lemma free_cover_finite_approx:
  fixes s0 :: "'r::comm_ring_1 \<Rightarrow> 'p::ab_group_add \<Rightarrow> 'p"
  assumes free: "free_module s0" and hd0: "module_hom s0 sN d0" and "surj d0"
    and fp: "fin_presented sN"
  obtains L Q where "module_hom s0 s0 L" and "finite Q" and "\<And>q. q \<in> Q \<Longrightarrow> d0 q = 0"
    and "\<And>x. d0 (L x) = d0 x" and "\<And>x. d0 x = 0 \<Longrightarrow> L x \<in> module.span s0 Q"
proof -
  obtain g and m nr :: nat and \<rho> where mN: "module sN"
    and spans: "\<And>v. \<exists>c. v = (\<Sum>i<m. sN (c i) (g i))"
    and rel: "\<And>k. k < nr \<Longrightarrow> (\<Sum>i<m. sN (\<rho> k i) (g i)) = 0"
    and compl: "\<And>c. (\<Sum>i<m. sN (c i) (g i)) = 0 \<Longrightarrow> \<exists>a. \<forall>i<m. c i = (\<Sum>k<nr. a k * \<rho> k i)"
    using fin_presentedE[OF fp] by blast
  interpret D0: module_hom s0 sN d0 by fact
  define p where "p i = inv d0 (g i)" for i
  have dp: "d0 (p i) = g i" for i
    unfolding p_def using \<open>surj d0\<close> by (rule surj_f_inv_f)
  (* R^m is modelled as nat => 'r; the maps \<pi> : R^m -> N and \<iota> : R^m -> P0 only read the
     coordinates below m. L is \<iota> after a lift \<chi> of d0 through \<pi>. *)
  define \<pi> where "\<pi> c = (\<Sum>i<m. sN (c i) (g i))" for c :: "nat \<Rightarrow> 'r"
  define \<iota> where "\<iota> c = (\<Sum>i<m. s0 (c i) (p i))" for c :: "nat \<Rightarrow> 'r"
  have h\<pi>: "module_hom (\<lambda>r c i. r * c i) sN \<pi>" and h\<iota>: "module_hom (\<lambda>r c i. r * c i) s0 \<iota>"
    unfolding \<pi>_def[abs_def] \<iota>_def[abs_def] using module_hom_lincomb D0.m1.module_axioms mN
    by blast+
  have d0\<iota>: "d0 (\<iota> c) = \<pi> c" for c
    unfolding \<iota>_def \<pi>_def by (simp add: D0.sum D0.scale dp)
  obtain \<chi> where h\<chi>: "module_hom s0 (\<lambda>r c i. r * c i) \<chi>" and \<pi>\<chi>: "\<And>x. \<pi> (\<chi> x) = d0 x"
    using free_module_lift[OF free hd0 h\<pi>] spans unfolding \<pi>_def by blast
  define Q where "Q = (\<lambda>k. \<iota> (\<rho> k)) ` {..<nr}"
  show ?thesis
  proof (rule that)
    show "module_hom s0 s0 (\<lambda>x. \<iota> (\<chi> x))"
      using module_hom_compose[OF h\<chi> h\<iota>] by (simp add: comp_def)
    show "finite Q" unfolding Q_def by simp
    show "d0 q = 0" if "q \<in> Q" for q
      using that rel unfolding Q_def by (auto simp: d0\<iota> \<pi>_def)
    show "d0 (\<iota> (\<chi> x)) = d0 x" for x
      by (simp add: d0\<iota> \<pi>\<chi>)
    show "\<iota> (\<chi> x) \<in> module.span s0 Q" if x0: "d0 x = 0" for x
    proof -
      (* \<chi> x is then a relation among the generators g i, i.e. a combination of the \<rho> k *)
      have "(\<Sum>i<m. sN (\<chi> x i) (g i)) = 0"
        using \<pi>\<chi>[of x] x0 unfolding \<pi>_def by simp
      then obtain a where a: "\<forall>i<m. \<chi> x i = (\<Sum>k<nr. a k * \<rho> k i)"
        using compl by blast
      have "\<iota> (\<chi> x) = (\<Sum>i<m. \<Sum>k<nr. s0 (a k) (s0 (\<rho> k i) (p i)))"
        unfolding \<iota>_def by (simp add: a D0.m1.scale_sum_left)
      also have "\<dots> = (\<Sum>k<nr. s0 (a k) (\<iota> (\<rho> k)))"
        unfolding \<iota>_def by (subst sum.swap) (simp add: D0.m1.scale_sum_right)
      also have "\<dots> \<in> module.span s0 Q"
        unfolding Q_def by (intro D0.m1.span_sum D0.m1.span_scale D0.m1.span_base) auto
      finally show ?thesis .
    qed
  qed
qed

lemma free_resolution2_comparison:
  assumes res: "free_resolution2 s2 d2 s1 d1 s0 d0 sN" and fp: "fin_presented sN"
  obtains Y Z where "module_hom s0 s1 Y" and "finite Z"
    and "\<And>x. \<exists>z\<in>module.span s1 Z. \<exists>w. x = Y (d1 x) + z + d2 w"
proof -
  have free0: "free_module s0" and hd1: "module_hom s1 s0 d1" and hd0: "module_hom s0 sN d0"
    and "surj d0" and ker0: "range d1 = {x. d0 x = 0}" and ker1: "range d2 = {x. d1 x = 0}"
    using res unfolding free_resolution2_def by auto
  interpret D1: module_hom s1 s0 d1 by fact
  interpret P00: module_pair s0 s0 by (simp add: module_pair_def D1.m2.module_axioms)
  obtain L Q where hL: "module_hom s0 s0 L" and "finite Q" and Q: "\<And>q. q \<in> Q \<Longrightarrow> d0 q = 0"
    and d0L: "\<And>x. d0 (L x) = d0 x" and L: "\<And>x. d0 x = 0 \<Longrightarrow> L x \<in> D1.m2.span Q"
    using free_cover_finite_approx[OF free0 hd0 \<open>surj d0\<close> fp] by blast
  have "module_hom s0 s0 (\<lambda>x. x - L x)"
    by (intro P00.module_hom_sub hL D1.m2.module_hom_ident)
  moreover have "range (\<lambda>x. x - L x) \<subseteq> range d1"
    using ker0 d0L module_hom.diff[OF hd0] by auto
  ultimately obtain Y where hY: "module_hom s0 s1 Y" and d1Y: "\<And>x. d1 (Y x) = x - L x"
    using free_module_lift[OF free0 _ hd1] by blast
  define Z where "Z = inv d1 ` Q"
  have "d1 (inv d1 q) = q" if "q \<in> Q" for q
    using Q[OF that] ker0 by (intro f_inv_into_f) auto
  then have d1Z: "d1 ` Z = Q"
    unfolding Z_def image_image by (simp cong: image_cong_simp)
  show ?thesis
  proof (rule that[OF hY])
    show "finite Z" unfolding Z_def using \<open>finite Q\<close> by simp
    fix x
    have "L (d1 x) \<in> D1.m2.span (d1 ` Z)"
      using L ker0 d1Z by auto
    then obtain z where z: "z \<in> D1.m1.span Z" and d1z: "d1 z = L (d1 x)"
      unfolding D1.span_image by auto
    have "d1 (x - Y (d1 x) - z) = 0"
      by (simp add: D1.diff d1Y d1z)
    then have "x - Y (d1 x) - z \<in> range d2"
      using ker1 by simp
    then obtain w where "x - Y (d1 x) - z = d2 w" by blast
    then have "x = Y (d1 x) + z + d2 w" by (simp add: algebra_simps)
    with z show "\<exists>z\<in>D1.m1.span Z. \<exists>w. x = Y (d1 x) + z + d2 w" by blast
  qed
qed
(* Let $G$ be a connected bipartite graph with color classes $E$ and $V$, and let $\Gamma$ be a spanning tree of $G$ inducing the hypertree $\mathbf f$ of $(V,E)$. Let $a,b,c$ be distinct elements of $E$ such that the unique path in $\Gamma$ from $c$ to $a$ passes through $b$. If $c$ can transfer valence to $a$ at $\mathbf f$, then $b$ can transfer valence to $a$ at $\mathbf f$.
   Context: A hypertree of $(V,E)$ is a function $\mathbf f\colon E\to\mathbf N$ such that some spanning tree of $G$ has degree $\mathbf f(e)+1$ at every $e\in E$; $\Gamma$ induces $\mathbf f$ if it has these degrees. For $x,y\in E$, $x$ can transfer valence to $y$ at $\mathbf f$ if the function obtained from $\mathbf f$ by decreasing $\mathbf f(x)$ by $1$ and increasing $\mathbf f(y)$ by $1$ is again a hypertree. *)

theory Defs
  imports Main
begin

definition bip_graph :: "'e set \<Rightarrow> 'v set \<Rightarrow> ('e \<times> 'v) set \<Rightarrow> bool" where
  "bip_graph E V G \<longleftrightarrow> finite E \<and> finite V \<and> G \<subseteq> E \<times> V"

definition verts :: "'e set \<Rightarrow> 'v set \<Rightarrow> ('e + 'v) set" where
  "verts E V = Inl ` E \<union> Inr ` V"

definition adj :: "('e \<times> 'v) set \<Rightarrow> ('e + 'v) \<Rightarrow> ('e + 'v) \<Rightarrow> bool" where
  "adj H x y \<longleftrightarrow> (\<exists>e v. (e, v) \<in> H \<and>
      ((x = Inl e \<and> y = Inr v) \<or> (x = Inr v \<and> y = Inl e)))"

definition walk :: "('e \<times> 'v) set \<Rightarrow> ('e + 'v) list \<Rightarrow> ('e + 'v) \<Rightarrow> ('e + 'v) \<Rightarrow> bool" where
  "walk H p x y \<longleftrightarrow> p \<noteq> [] \<and> hd p = x \<and> last p = y \<and>
      (\<forall>i. Suc i < length p \<longrightarrow> adj H (p ! i) (p ! Suc i))"

definition path :: "('e \<times> 'v) set \<Rightarrow> ('e + 'v) list \<Rightarrow> ('e + 'v) \<Rightarrow> ('e + 'v) \<Rightarrow> bool" where
  "path H p x y \<longleftrightarrow> walk H p x y \<and> distinct p"

definition connected_bip :: "'e set \<Rightarrow> 'v set \<Rightarrow> ('e \<times> 'v) set \<Rightarrow> bool" where
  "connected_bip E V H \<longleftrightarrow> (\<forall>x \<in> verts E V. \<forall>y \<in> verts E V. \<exists>p. walk H p x y)"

============================================================

§ EXERCISE REQUIREMENTS: Would you print exactly and only the lines of the material above that run from the line with "(d1 x) \<in>" through the line with "Context: A hypertree", both included?

§ OUTPUT BELOW:
    have "L (d1 x) \<in> D1.m2.span (d1 ` Z)"
      using L ker0 d1Z by auto
    then obtain z where z: "z \<in> D1.m1.span Z" and d1z: "d1 z = L (d1 x)"
      unfolding D1.span_image by auto
    have "d1 (x - Y (d1 x) - z) = 0"
      by (simp add: D1.diff d1Y d1z)
    then have "x - Y (d1 x) - z \<in> range d2"
      using ker1 by simp
    then obtain w where "x - Y (d1 x) - z = d2 w" by blast
    then have "x = Y (d1 x) + z + d2 w" by (simp add: algebra_simps)
    with z show "\<exists>z\<in>D1.m1.span Z. \<exists>w. x = Y (d1 x) + z + d2 w" by blast
  qed
qed
(* Let $G$ be a connected bipartite graph with color classes $E$ and $V$, and let $\Gamma$ be a spanning tree of $G$ inducing the hypertree $\mathbf f$ of $(V,E)$. Let $a,b,c$ be distinct elements of $E$ such that the unique path in $\Gamma$ from $c$ to $a$ passes through $b$. If $c$ can transfer valence to $a$ at $\mathbf f$, then $b$ can transfer valence to $a$ at $\mathbf f$.
   Context: A hypertree of $(V,E)$ is a function $\mathbf f\colon E\to\mathbf N$ such that some spanning tree of $G$ has degree $\mathbf f(e)+1$ at every $e\in E$; $\Gamma$ induces $\mathbf f$ if it has these degrees. For $x,y\in E$, $x$ can transfer valence to $y$ at $\mathbf f$ if the function obtained from $\mathbf f$ by decreasing $\mathbf f(x)$ by $1$ and increasing $\mathbf f(y)$ by $1$ is again a hypertree. *)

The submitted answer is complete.